- WORK TASK:
In the data below, find the line containing "and Nn lam :: sfield", then set down that line and every later line up to and including the line containing "- 2 * mr f r", exactly.

- DATASET RECORDS:
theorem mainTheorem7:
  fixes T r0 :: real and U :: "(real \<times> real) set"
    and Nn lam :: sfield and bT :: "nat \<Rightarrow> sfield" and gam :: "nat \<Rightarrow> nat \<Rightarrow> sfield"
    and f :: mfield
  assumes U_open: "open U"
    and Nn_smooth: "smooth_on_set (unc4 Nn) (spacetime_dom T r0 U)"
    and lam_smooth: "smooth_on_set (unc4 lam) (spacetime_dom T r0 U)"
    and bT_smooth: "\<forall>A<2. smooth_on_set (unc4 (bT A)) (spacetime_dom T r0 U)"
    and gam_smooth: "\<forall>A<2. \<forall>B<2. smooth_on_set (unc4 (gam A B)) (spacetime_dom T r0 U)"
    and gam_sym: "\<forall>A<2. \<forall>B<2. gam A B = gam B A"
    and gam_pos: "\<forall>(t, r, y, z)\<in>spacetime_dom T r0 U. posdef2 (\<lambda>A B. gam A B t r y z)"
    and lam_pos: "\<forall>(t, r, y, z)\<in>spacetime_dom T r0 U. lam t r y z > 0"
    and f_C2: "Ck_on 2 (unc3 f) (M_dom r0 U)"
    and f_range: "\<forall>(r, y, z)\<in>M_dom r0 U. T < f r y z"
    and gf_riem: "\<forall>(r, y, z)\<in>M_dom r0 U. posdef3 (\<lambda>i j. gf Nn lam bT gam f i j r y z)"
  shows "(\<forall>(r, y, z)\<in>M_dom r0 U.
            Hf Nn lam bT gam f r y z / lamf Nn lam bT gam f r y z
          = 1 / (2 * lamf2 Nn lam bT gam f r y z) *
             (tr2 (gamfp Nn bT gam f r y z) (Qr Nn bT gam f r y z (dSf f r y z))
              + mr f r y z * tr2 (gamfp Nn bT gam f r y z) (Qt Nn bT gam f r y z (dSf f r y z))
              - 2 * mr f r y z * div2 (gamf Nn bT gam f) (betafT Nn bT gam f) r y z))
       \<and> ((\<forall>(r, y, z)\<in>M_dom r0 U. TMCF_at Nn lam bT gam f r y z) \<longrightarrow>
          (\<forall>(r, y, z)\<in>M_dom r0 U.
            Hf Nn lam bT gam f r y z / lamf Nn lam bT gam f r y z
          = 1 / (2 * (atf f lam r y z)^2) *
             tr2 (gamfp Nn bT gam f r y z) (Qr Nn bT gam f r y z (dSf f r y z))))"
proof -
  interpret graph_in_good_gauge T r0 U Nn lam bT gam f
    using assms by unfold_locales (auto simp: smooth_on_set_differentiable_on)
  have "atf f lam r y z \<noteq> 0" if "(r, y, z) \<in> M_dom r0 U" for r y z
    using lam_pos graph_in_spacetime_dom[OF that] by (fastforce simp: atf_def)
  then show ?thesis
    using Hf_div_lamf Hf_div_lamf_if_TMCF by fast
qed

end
* * *
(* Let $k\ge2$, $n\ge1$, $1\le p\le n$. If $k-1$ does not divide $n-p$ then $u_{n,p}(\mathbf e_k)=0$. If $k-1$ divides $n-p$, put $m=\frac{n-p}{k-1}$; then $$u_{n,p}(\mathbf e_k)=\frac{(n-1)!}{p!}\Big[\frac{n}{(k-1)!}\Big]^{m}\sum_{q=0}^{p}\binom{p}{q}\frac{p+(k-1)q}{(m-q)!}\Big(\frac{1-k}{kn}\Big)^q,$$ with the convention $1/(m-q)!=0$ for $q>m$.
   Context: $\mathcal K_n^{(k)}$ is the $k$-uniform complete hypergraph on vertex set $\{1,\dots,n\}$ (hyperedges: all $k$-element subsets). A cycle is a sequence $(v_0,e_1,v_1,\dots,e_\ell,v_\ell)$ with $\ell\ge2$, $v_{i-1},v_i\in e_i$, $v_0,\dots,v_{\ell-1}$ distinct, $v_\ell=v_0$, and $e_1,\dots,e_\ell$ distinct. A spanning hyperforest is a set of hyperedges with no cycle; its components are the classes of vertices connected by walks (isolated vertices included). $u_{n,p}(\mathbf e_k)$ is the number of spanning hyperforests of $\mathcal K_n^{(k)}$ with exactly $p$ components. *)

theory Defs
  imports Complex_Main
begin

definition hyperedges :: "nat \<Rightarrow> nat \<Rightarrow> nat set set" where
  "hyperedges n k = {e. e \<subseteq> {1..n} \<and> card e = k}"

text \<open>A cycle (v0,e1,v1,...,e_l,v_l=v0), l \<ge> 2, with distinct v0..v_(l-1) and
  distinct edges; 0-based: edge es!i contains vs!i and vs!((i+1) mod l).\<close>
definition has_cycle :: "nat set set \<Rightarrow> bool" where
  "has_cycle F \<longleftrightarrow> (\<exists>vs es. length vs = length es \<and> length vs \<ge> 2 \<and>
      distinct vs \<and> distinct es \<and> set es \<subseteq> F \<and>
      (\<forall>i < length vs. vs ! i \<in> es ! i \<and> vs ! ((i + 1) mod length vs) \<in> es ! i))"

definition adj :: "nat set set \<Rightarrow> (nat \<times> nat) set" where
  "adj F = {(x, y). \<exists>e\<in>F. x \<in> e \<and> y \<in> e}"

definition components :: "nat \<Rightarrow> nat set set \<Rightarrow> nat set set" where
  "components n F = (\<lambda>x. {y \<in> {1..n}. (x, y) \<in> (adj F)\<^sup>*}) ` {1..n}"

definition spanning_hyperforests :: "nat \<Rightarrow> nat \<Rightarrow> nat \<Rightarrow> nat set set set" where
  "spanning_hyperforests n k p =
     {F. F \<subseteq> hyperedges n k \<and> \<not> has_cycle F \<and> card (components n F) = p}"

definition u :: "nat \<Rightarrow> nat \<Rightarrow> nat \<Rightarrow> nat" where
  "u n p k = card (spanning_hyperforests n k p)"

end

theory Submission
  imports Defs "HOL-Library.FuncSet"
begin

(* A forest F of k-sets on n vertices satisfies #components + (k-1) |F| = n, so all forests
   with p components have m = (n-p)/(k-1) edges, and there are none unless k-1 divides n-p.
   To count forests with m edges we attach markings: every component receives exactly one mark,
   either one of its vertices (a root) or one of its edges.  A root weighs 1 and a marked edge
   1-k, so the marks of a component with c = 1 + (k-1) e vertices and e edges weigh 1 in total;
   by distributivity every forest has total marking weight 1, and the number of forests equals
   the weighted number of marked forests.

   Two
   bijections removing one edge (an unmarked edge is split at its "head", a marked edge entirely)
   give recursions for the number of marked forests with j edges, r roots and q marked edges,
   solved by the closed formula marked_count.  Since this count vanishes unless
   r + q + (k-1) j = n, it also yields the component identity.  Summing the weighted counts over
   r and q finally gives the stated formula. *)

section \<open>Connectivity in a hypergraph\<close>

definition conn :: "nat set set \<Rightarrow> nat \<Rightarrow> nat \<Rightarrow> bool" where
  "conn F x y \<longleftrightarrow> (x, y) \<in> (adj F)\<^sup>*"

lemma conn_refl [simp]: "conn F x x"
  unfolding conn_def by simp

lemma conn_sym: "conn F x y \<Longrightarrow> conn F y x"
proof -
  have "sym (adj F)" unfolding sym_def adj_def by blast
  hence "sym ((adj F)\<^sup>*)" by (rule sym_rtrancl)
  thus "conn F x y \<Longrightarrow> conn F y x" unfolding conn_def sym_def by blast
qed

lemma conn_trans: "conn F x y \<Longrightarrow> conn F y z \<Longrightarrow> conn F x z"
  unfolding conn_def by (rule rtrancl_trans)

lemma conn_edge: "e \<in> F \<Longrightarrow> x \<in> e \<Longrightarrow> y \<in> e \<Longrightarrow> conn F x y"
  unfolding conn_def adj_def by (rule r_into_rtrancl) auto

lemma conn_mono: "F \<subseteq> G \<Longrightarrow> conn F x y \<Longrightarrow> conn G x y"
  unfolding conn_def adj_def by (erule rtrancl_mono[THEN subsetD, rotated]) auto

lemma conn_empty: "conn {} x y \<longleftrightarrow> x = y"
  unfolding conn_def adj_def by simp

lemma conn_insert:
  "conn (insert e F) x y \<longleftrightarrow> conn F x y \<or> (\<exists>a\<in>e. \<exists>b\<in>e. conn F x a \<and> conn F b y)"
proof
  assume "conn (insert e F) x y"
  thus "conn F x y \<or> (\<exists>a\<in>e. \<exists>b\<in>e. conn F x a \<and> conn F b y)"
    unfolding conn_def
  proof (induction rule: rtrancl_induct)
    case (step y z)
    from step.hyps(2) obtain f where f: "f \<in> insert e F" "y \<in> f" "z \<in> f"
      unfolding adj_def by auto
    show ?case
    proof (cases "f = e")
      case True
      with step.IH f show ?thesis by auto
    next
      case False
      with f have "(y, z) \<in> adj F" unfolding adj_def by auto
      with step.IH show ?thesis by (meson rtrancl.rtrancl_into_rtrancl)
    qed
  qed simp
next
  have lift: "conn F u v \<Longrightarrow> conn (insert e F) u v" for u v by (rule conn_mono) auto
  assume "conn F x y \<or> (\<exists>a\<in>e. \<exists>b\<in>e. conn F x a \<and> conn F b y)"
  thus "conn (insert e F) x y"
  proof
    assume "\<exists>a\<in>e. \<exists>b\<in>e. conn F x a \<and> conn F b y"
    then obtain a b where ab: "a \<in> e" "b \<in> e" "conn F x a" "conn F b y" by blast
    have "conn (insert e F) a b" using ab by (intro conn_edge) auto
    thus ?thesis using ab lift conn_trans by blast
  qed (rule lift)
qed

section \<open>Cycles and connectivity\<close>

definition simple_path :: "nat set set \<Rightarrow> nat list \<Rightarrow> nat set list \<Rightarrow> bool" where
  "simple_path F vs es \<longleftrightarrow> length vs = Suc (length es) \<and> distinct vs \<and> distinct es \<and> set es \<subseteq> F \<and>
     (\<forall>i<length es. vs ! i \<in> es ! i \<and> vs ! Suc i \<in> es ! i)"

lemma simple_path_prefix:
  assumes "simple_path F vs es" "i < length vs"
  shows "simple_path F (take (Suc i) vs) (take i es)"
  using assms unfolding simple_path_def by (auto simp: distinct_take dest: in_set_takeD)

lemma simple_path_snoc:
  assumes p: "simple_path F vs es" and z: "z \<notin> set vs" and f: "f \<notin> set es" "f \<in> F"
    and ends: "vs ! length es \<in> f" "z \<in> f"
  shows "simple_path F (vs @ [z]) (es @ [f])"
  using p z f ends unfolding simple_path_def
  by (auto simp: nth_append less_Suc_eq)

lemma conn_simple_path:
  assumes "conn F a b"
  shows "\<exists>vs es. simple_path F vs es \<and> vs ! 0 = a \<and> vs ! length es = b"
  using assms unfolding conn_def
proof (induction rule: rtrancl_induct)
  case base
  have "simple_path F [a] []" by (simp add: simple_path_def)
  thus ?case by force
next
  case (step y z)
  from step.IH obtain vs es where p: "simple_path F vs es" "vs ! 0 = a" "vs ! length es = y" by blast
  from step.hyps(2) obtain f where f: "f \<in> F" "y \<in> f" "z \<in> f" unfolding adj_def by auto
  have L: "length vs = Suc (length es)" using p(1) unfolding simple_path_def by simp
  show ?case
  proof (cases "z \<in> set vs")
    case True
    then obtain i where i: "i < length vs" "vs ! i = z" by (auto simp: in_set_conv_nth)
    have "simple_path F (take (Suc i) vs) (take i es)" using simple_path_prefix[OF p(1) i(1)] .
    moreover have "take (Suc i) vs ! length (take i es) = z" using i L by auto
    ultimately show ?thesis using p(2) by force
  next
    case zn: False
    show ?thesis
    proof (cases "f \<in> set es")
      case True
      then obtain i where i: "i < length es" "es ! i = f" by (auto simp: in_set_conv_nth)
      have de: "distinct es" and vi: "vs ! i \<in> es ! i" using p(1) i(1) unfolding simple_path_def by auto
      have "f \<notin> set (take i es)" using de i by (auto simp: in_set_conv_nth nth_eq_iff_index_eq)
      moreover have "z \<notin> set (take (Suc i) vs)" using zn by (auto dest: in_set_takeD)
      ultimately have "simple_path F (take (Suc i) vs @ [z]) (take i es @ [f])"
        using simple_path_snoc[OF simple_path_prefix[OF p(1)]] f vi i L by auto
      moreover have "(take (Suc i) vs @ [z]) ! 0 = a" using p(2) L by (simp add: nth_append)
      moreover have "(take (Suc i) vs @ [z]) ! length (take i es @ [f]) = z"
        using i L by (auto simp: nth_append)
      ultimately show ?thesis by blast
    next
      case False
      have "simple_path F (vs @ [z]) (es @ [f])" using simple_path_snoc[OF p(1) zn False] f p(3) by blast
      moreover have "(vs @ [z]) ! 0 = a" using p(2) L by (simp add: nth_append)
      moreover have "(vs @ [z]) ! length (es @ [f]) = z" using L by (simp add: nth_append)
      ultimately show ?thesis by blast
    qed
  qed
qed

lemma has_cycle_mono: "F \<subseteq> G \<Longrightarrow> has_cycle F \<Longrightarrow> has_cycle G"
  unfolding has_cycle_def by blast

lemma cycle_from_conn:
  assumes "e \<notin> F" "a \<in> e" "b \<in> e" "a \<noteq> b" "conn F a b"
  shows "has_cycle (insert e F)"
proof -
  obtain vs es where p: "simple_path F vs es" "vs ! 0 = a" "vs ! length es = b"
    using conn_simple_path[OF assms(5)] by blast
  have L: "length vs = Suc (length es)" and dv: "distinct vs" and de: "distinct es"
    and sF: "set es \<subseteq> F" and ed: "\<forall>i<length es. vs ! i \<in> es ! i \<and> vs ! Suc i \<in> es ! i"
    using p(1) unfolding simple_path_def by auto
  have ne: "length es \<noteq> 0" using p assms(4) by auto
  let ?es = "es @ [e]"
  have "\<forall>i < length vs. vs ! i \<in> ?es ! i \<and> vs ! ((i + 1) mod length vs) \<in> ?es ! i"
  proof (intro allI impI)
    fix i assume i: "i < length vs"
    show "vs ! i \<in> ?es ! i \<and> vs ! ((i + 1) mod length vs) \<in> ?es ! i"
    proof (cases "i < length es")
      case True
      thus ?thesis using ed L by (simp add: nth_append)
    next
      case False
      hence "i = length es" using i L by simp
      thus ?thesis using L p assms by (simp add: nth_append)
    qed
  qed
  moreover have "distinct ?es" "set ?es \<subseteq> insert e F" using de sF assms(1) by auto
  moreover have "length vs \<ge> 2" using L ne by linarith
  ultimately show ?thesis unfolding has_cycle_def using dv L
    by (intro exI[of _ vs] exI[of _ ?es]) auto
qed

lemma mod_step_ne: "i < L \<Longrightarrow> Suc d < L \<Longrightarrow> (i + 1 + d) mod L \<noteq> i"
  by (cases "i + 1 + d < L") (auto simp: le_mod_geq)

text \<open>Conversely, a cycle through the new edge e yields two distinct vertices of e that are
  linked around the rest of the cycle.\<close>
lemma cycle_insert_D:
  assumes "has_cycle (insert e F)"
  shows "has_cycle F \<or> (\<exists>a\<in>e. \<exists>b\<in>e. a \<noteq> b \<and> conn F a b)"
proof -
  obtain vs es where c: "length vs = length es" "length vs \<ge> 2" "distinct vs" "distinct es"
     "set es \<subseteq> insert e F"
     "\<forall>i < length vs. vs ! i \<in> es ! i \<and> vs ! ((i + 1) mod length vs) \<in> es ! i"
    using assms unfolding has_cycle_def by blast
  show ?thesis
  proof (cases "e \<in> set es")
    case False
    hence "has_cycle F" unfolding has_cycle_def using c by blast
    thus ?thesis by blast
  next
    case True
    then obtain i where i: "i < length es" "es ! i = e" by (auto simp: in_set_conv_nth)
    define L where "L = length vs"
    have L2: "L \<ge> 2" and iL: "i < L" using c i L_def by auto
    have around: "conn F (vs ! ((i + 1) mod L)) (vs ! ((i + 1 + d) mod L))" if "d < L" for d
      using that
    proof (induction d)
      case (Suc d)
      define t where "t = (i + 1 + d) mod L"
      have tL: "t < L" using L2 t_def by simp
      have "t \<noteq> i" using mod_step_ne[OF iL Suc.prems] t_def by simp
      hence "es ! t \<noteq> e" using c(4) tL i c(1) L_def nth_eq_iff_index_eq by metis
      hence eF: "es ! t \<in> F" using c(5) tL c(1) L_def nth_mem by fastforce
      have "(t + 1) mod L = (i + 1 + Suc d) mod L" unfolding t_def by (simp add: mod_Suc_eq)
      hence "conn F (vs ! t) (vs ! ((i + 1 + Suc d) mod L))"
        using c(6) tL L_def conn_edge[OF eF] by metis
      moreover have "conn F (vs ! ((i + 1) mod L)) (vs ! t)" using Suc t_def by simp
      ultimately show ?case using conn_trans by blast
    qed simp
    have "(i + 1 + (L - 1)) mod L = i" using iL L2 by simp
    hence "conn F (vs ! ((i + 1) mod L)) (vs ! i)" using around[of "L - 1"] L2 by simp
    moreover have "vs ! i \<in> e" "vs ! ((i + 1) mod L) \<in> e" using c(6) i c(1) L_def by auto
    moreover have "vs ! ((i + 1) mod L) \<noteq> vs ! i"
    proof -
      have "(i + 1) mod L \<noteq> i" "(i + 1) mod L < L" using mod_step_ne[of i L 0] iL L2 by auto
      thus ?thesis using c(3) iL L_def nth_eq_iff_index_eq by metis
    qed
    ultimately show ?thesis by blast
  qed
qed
---
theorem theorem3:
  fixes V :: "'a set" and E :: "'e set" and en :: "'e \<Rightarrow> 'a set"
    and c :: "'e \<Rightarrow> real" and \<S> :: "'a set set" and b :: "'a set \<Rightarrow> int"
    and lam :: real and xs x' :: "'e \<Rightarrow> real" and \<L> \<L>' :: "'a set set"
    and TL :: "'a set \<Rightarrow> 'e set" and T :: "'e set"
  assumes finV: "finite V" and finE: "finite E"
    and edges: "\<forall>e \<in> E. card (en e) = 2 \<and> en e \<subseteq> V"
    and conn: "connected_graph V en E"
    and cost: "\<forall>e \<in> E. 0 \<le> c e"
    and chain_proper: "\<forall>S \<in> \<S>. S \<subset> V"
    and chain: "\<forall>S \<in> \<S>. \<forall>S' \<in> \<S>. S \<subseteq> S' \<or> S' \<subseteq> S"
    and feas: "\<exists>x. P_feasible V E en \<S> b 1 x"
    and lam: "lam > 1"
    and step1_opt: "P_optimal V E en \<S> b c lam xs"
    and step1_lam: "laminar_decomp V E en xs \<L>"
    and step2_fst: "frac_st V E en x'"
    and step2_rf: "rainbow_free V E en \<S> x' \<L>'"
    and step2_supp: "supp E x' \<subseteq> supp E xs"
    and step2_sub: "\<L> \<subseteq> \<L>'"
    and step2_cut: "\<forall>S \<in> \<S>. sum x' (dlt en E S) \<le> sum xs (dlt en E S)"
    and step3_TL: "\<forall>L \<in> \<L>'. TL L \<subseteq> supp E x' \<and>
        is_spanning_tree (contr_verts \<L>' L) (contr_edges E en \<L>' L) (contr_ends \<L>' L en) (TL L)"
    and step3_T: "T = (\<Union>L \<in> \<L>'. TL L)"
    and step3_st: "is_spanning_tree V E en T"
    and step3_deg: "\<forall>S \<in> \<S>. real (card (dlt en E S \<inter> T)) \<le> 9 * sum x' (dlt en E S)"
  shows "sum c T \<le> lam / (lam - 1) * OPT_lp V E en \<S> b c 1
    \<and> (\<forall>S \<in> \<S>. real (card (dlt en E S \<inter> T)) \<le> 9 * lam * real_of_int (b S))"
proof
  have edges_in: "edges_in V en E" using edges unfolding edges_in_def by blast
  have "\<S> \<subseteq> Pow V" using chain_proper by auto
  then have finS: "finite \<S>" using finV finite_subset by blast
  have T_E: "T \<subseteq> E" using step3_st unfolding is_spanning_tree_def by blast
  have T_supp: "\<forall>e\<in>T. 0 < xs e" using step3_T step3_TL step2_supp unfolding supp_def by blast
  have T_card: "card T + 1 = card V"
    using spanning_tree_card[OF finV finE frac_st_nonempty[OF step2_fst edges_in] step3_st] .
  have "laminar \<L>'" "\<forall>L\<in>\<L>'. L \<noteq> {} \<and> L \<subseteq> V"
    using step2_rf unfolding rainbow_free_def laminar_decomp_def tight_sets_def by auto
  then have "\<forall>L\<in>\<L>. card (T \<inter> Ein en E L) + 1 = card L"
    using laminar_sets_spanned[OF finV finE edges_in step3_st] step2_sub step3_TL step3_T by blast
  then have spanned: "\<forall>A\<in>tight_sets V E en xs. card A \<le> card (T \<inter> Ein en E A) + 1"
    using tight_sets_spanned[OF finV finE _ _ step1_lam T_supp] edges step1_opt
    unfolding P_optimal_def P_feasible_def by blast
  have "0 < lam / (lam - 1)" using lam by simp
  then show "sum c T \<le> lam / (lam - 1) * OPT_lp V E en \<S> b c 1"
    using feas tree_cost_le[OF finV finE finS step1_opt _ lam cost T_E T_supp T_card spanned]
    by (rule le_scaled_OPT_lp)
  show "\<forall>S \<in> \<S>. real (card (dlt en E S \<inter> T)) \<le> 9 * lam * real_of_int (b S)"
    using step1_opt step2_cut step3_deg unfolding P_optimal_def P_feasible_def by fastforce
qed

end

- SOLUTION FOR THIS TASK:
    and Nn lam :: sfield and bT :: "nat \<Rightarrow> sfield" and gam :: "nat \<Rightarrow> nat \<Rightarrow> sfield"
    and f :: mfield
  assumes U_open: "open U"
    and Nn_smooth: "smooth_on_set (unc4 Nn) (spacetime_dom T r0 U)"
    and lam_smooth: "smooth_on_set (unc4 lam) (spacetime_dom T r0 U)"
    and bT_smooth: "\<forall>A<2. smooth_on_set (unc4 (bT A)) (spacetime_dom T r0 U)"
    and gam_smooth: "\<forall>A<2. \<forall>B<2. smooth_on_set (unc4 (gam A B)) (spacetime_dom T r0 U)"
    and gam_sym: "\<forall>A<2. \<forall>B<2. gam A B = gam B A"
    and gam_pos: "\<forall>(t, r, y, z)\<in>spacetime_dom T r0 U. posdef2 (\<lambda>A B. gam A B t r y z)"
    and lam_pos: "\<forall>(t, r, y, z)\<in>spacetime_dom T r0 U. lam t r y z > 0"
    and f_C2: "Ck_on 2 (unc3 f) (M_dom r0 U)"
    and f_range: "\<forall>(r, y, z)\<in>M_dom r0 U. T < f r y z"
    and gf_riem: "\<forall>(r, y, z)\<in>M_dom r0 U. posdef3 (\<lambda>i j. gf Nn lam bT gam f i j r y z)"
  shows "(\<forall>(r, y, z)\<in>M_dom r0 U.
            Hf Nn lam bT gam f r y z / lamf Nn lam bT gam f r y z
          = 1 / (2 * lamf2 Nn lam bT gam f r y z) *
             (tr2 (gamfp Nn bT gam f r y z) (Qr Nn bT gam f r y z (dSf f r y z))
              + mr f r y z * tr2 (gamfp Nn bT gam f r y z) (Qt Nn bT gam f r y z (dSf f r y z))
              - 2 * mr f r y z * div2 (gamf Nn bT gam f) (betafT Nn bT gam f) r y z))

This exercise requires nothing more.